● **BRIEF**: Your output should be the entries below, from the first line up to and including the line with "(Imp G H) = preds", reproduced exactly and with no other lines.
[Opening RECORDS SUPPLIED section]
definition rel_interp :: "'a set \<Rightarrow> ('p \<Rightarrow> nat) \<Rightarrow> ('p \<Rightarrow> 'a list set) \<Rightarrow> bool" where
  "rel_interp D ar I = (\<forall>q. I q \<subseteq> {xs. length xs = ar q \<and> set xs \<subseteq> D})"

text \<open>SM_ps[F]; the second-order quantifier over U ranges over relations on D of the
  right arities.\<close>
definition SM :: "'a set \<Rightarrow> ('p \<Rightarrow> nat) \<Rightarrow> 'p set \<Rightarrow> ('p, 'a) form \<Rightarrow> ('p \<Rightarrow> 'a list set) \<Rightarrow> bool" where
  "SM D ar ps F I = (holds D I F \<and>
     \<not> (\<exists>U. rel_interp D ar U \<and> pred_less ps U I \<and> holds_star D I ps U F))"

fun preds :: "('p, 'a) form \<Rightarrow> 'p set" where
  "preds (Atom p ts) = {p}"
| "preds (Eq s t) = {}"
| "preds Bot = {}"
| "preds (Conj G H) = preds G \<union> preds H"
| "preds (Disj G H) = preds G \<union> preds H"
| "preds (Imp G H) = preds G \<union> preds H"
| "preds (All x G) = preds G"
| "preds (Ex x G) = preds G"

datatype ('p, 'a) module =
    FormM "('p, 'a) form"
  | DefM "'p set" "('p, 'a) form"
  | ProgM "'p set" "('p, 'a) module list"
(* Every semi-decomposable first-order theory $T$ is pseudo decomposable.
   Context: A first-order theory $T$ is pseudo decomposable if for every $n<\omega$ there are a model $M$ of $T$, a partition of the universe of $M$ into nonempty sets $A_0,\dots,A_{n-1}$, and automorphisms $f^1_i\neq f^2_i$ of $M$ ($i<n$) such that $f^1_i\restriction(M\setminus A_i)=f^2_i\restriction(M\setminus A_i)$ and for every choice $\eta(i)\in\{1,2\}$ ($i<n$) the map $\bigcup_{i<n}(f^{\eta(i)}_i\restriction A_i)$ is an automorphism of $M$. $T$ is semi-decomposable if for every $n<\omega$ there are a model $M$ of $T$ and a partition $\langle A_\ell:\ell<n\rangle$ of the universe of $M$ into infinite sets such that for every finite set $\Delta_1$ of formulas of $L(\tau_T)$ there is a finite set $\Delta_2$ of formulas of $L(\tau_T)$ with the following property: whenever for each $\ell<n$, $k_\ell<\omega$ and $\bar a_\ell,\bar b_\ell\in{}^{k_\ell}(A_\ell)$ realize the same $\Delta_2$-type in $M$, and $\bar a_0=\bar b_0$, then $\bar a_0\frown\bar a_1\frown\cdots\frown\bar a_{n-1}$ and $\bar b_0\frown\bar b_1\frown\cdots\frown\bar b_{n-1}$ realize the same $\Delta_1$-type in $M$. *)

theory Defs
  imports Main
begin

datatype 'f trm = Var nat | Fn 'f "'f trm list"

datatype ('f, 'r) fm =
    Eq "'f trm" "'f trm"
  | Rel 'r "'f trm list"
  | Neg "('f, 'r) fm"
  | Conj "('f, 'r) fm" "('f, 'r) fm"
  | Ex nat "('f, 'r) fm"

fun wf_trm :: "('f \<Rightarrow> nat) \<Rightarrow> 'f trm \<Rightarrow> bool" where
  "wf_trm arf (Var n) = True"
| "wf_trm arf (Fn f ts) = (length ts = arf f \<and> (\<forall>t \<in> set ts. wf_trm arf t))"

fun wf_fm :: "('f \<Rightarrow> nat) \<Rightarrow> ('r \<Rightarrow> nat) \<Rightarrow> ('f, 'r) fm \<Rightarrow> bool" where
  "wf_fm arf arr (Eq s t) = (wf_trm arf s \<and> wf_trm arf t)"
| "wf_fm arf arr (Rel r ts) = (length ts = arr r \<and> (\<forall>t \<in> set ts. wf_trm arf t))"
| "wf_fm arf arr (Neg p) = wf_fm arf arr p"
| "wf_fm arf arr (Conj p q) = (wf_fm arf arr p \<and> wf_fm arf arr q)"
| "wf_fm arf arr (Ex x p) = wf_fm arf arr p"

fun fv_trm :: "'f trm \<Rightarrow> nat set" where
  "fv_trm (Var n) = {n}"
| "fv_trm (Fn f ts) = (\<Union>t \<in> set ts. fv_trm t)"

fun fv :: "('f, 'r) fm \<Rightarrow> nat set" where
  "fv (Eq s t) = fv_trm s \<union> fv_trm t"
| "fv (Rel r ts) = (\<Union>t \<in> set ts. fv_trm t)"
| "fv (Neg p) = fv p"
| "fv (Conj p q) = fv p \<union> fv q"
| "fv (Ex x p) = fv p - {x}"

record ('a, 'f, 'r) struct =
  dom :: "'a set"
  fnI :: "'f \<Rightarrow> 'a list \<Rightarrow> 'a"
  relI :: "'r \<Rightarrow> 'a list \<Rightarrow> bool"

fun eval :: "('a, 'f, 'r) struct \<Rightarrow> (nat \<Rightarrow> 'a) \<Rightarrow> 'f trm \<Rightarrow> 'a" where
  "eval M e (Var n) = e n"
| "eval M e (Fn f ts) = fnI M f (map (eval M e) ts)"

fun sat :: "('a, 'f, 'r) struct \<Rightarrow> (nat \<Rightarrow> 'a) \<Rightarrow> ('f, 'r) fm \<Rightarrow> bool" where
  "sat M e (Eq s t) = (eval M e s = eval M e t)"
| "sat M e (Rel r ts) = relI M r (map (eval M e) ts)"
| "sat M e (Neg p) = (\<not> sat M e p)"
| "sat M e (Conj p q) = (sat M e p \<and> sat M e q)"
| "sat M e (Ex x p) = (\<exists>a \<in> dom M. sat M (e(x := a)) p)"

definition is_structure :: "('f \<Rightarrow> nat) \<Rightarrow> ('a, 'f, 'r) struct \<Rightarrow> bool" where
  "is_structure arf M \<longleftrightarrow> dom M \<noteq> {} \<and>
     (\<forall>f as. length as = arf f \<and> set as \<subseteq> dom M \<longrightarrow> fnI M f as \<in> dom M)"

definition sentence :: "('f \<Rightarrow> nat) \<Rightarrow> ('r \<Rightarrow> nat) \<Rightarrow> ('f, 'r) fm \<Rightarrow> bool" where
  "sentence arf arr p \<longleftrightarrow> wf_fm arf arr p \<and> fv p = {}"
lemma bounded_differences_euler_pow:
  assumes L: "bounded_differences (sir_states N) F c" and c: "0 \<le> c"
    and h: "0 \<le> h" "h * real N * (Ps + La) \<le> 1"
  shows "bounded_differences (sir_states N) ((kernel_fun (sir_states N) (euler_kernel lam psi N h) ^^ j) F)
           ((1 + h * (2 * Ps + 3 * La)) ^ j * c)"
proof (induction j)
  case 0
  then show ?case using L by simp
next
  case (Suc j)
  have "0 \<le> (1 + h * (2 * Ps + 3 * La)) ^ j * c" using h c Ps_nonneg La_nonneg by simp
  from bounded_differences_euler[OF Suc.IH this h] show ?case by (simp add: algebra_simps)
qed

end

section \<open>Variance under the initial product law\<close>

definition init_weight :: "(real \<Rightarrow> real) \<Rightarrow> nat \<Rightarrow> nat \<Rightarrow> nat \<Rightarrow> int \<Rightarrow> real" where
  "init_weight phi N m i v =
     (if i \<le> m then (if v = 1 then phi (real i / real N) else if v = 0 then 1 - phi (real i / real N) else 0)
      else (if v = 0 then 1 else 0))"

definition init_partial :: "(real \<Rightarrow> real) \<Rightarrow> nat \<Rightarrow> nat \<Rightarrow> (nat \<Rightarrow> int) \<Rightarrow> real" where
  "init_partial phi N m x = (\<Prod>i\<in>{1..N}. init_weight phi N m i (x i))"

definition resample :: "(real \<Rightarrow> real) \<Rightarrow> nat \<Rightarrow> nat \<Rightarrow> ((nat \<Rightarrow> int) \<Rightarrow> real) \<Rightarrow> (nat \<Rightarrow> int) \<Rightarrow> real" where
  "resample phi N k G x =
     phi (real k / real N) * G (x(k:=1)) + (1 - phi (real k / real N)) * G (x(k:=0))"

lemma init_partial_eq_sir_init: "init_partial phi N N x = sir_init phi N x"
  unfolding init_partial_def sir_init_def init_weight_def by (rule prod.cong) auto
[Closing RECORDS SUPPLIED section]
● **WRITTEN RESPONSE**:
definition rel_interp :: "'a set \<Rightarrow> ('p \<Rightarrow> nat) \<Rightarrow> ('p \<Rightarrow> 'a list set) \<Rightarrow> bool" where
  "rel_interp D ar I = (\<forall>q. I q \<subseteq> {xs. length xs = ar q \<and> set xs \<subseteq> D})"

text \<open>SM_ps[F]; the second-order quantifier over U ranges over relations on D of the
  right arities.\<close>
definition SM :: "'a set \<Rightarrow> ('p \<Rightarrow> nat) \<Rightarrow> 'p set \<Rightarrow> ('p, 'a) form \<Rightarrow> ('p \<Rightarrow> 'a list set) \<Rightarrow> bool" where
  "SM D ar ps F I = (holds D I F \<and>
     \<not> (\<exists>U. rel_interp D ar U \<and> pred_less ps U I \<and> holds_star D I ps U F))"

fun preds :: "('p, 'a) form \<Rightarrow> 'p set" where
  "preds (Atom p ts) = {p}"
| "preds (Eq s t) = {}"
| "preds Bot = {}"
| "preds (Conj G H) = preds G \<union> preds H"
| "preds (Disj G H) = preds G \<union> preds H"
| "preds (Imp G H) = preds G \<union> preds H"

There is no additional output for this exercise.